lemma dyval_right_move_of_single:
  assumes "length xs \<le> 1" "length ys \<le> 2" "ys \<noteq> []" "dyval ys \<le> dyval xs" "x' \<in> dy_ropts xs"
  shows "\<exists>z\<in>dy_ropts ys. dyval z \<le> dyval x'"
proof -
  obtain j where xs: "xs = [j]" and "0 < j" and x': "x' = [j - 1]"
    using assms(1,5) by (cases xs) (auto split: if_splits)
  from assms(2,3) show ?thesis
  proof (cases rule: length_le_2_cases)
    case (single a)
    then have "j \<le> a"
      using assms(4) xs by simp
    then have "[a - 1] \<in> dy_ropts ys" "dyval [a - 1] \<le> dyval x'"
      using single \<open>0 < j\<close> x' by auto
    then show ?thesis by blast
  next
    case (pair a b)
    have sum: "(1/2::real) ^ a + (1/2) ^ b \<le> (1/2) ^ j"
      using assms(4) xs pair by simp
    moreover have "(0::real) < (1/2) ^ b"
      by simp
    ultimately have "(1/2::real) ^ a < (1/2) ^ j"
      by linarith
    then have "0 < a"
      by simp
    have "dyval [a - 1, b] = 2 * (1/2) ^ a + (1/2) ^ b" "dyval x' = 2 * (1/2) ^ j"
      using half_power_pred[OF \<open>0 < a\<close>] half_power_pred[OF \<open>0 < j\<close>] x' by simp_all
    with sum \<open>(0::real) < (1/2) ^ b\<close> have "dyval [a - 1, b] \<le> dyval x'"
      by linarith
    moreover have "[a - 1, b] \<in> dy_ropts ys"
      using pair \<open>0 < a\<close> by simp
    ultimately show ?thesis by blast
  qed simp
qed

lemma dyval_left_move_of_pair:
  assumes "length xs \<le> 1" "length ys \<le> 2" "dyval ys \<le> dyval xs" "z \<in> dy_lopts ys" "z \<noteq> []"
  shows "\<exists>w\<in>dy_ropts z. dyval w \<le> dyval xs"
proof -
  obtain a b where ys: "ys = [a, b]"
    using assms(2,4,5) by (cases rule: length_le_2_cases) auto
  then obtain j where xs: "xs = [j]"
    using assms(1,3) dyval_pos[of ys] by (cases xs) auto
  have key: "\<exists>w\<in>dy_ropts [d]. dyval w \<le> dyval xs"
    if "(1/2::real) ^ c + (1/2) ^ d \<le> (1/2) ^ j" for c d
  proof -
    have "(0::real) < (1/2) ^ c"
      by simp
    with that have "(1/2::real) ^ d < (1/2) ^ j"
      by linarith
    then have "j < d"
      by simp
    then have "[d - 1] \<in> dy_ropts [d]" "dyval [d - 1] \<le> dyval xs"
      using xs by auto
    then show ?thesis by blast
  qed
  show ?thesis
    using assms(3,4) xs ys key[of a b] key[of b a] by (auto simp: add.commute)
qed

section \<open>Comparing a dyadic with a sum of two dyadics\<close>

text \<open>The last clause of each relation supplies the move required by
  \<open>marker_tie\<close>; an empty \<open>ys\<close> is covered by \<open>single_below_pair\<close> alone.\<close>

definition single_below_pair :: "game \<Rightarrow> nat \<Rightarrow> bool \<Rightarrow> game \<Rightarrow> nat \<Rightarrow> bool \<Rightarrow> bool" where
  "single_below_pair G p m H q n \<longleftrightarrow> (\<exists>xs ys Y. G = gplus (dysum xs) Y \<and> H = gplus (dysum ys) Y \<and>
     length xs \<le> 1 \<and> length ys \<le> 2 \<and> dyval xs \<le> dyval ys \<and> (p, m) \<le> (q, n) \<and>
     (\<not> m \<and> n \<longrightarrow> (\<exists>w\<in>dy_lopts ys. dyval xs \<le> dyval w)))"

definition pair_below_single :: "game \<Rightarrow> nat \<Rightarrow> bool \<Rightarrow> game \<Rightarrow> nat \<Rightarrow> bool \<Rightarrow> bool" where
  "pair_below_single G p m H q n \<longleftrightarrow> (\<exists>xs ys Y. G = gplus (dysum ys) Y \<and> H = gplus (dysum xs) Y \<and>
     length xs \<le> 1 \<and> length ys \<le> 2 \<and> ys \<noteq> [] \<and> dyval ys \<le> dyval xs \<and> (p, m) \<le> (q, n) \<and>
     (\<not> m \<and> n \<longrightarrow> (\<exists>w\<in>dy_ropts ys. dyval w \<le> dyval xs)))"

lemma single_below_pairI:
  "length xs \<le> 1 \<Longrightarrow> length ys \<le> 2 \<Longrightarrow> dyval xs \<le> dyval ys \<Longrightarrow> (p, m) \<le> (q, n) \<Longrightarrow>
   (\<not> m \<and> n \<longrightarrow> (\<exists>w\<in>dy_lopts ys. dyval xs \<le> dyval w)) \<Longrightarrow>
   single_below_pair (gplus (dysum xs) Y) p m (gplus (dysum ys) Y) q n"
  unfolding single_below_pair_def by blast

WHAT THE EXERCISE ASKS →
Scan the records above for the string "lemma", then report every line that contains it.

THE ANSWER →
lemma dyval_right_move_of_single:
lemma dyval_left_move_of_pair:
lemma single_below_pairI:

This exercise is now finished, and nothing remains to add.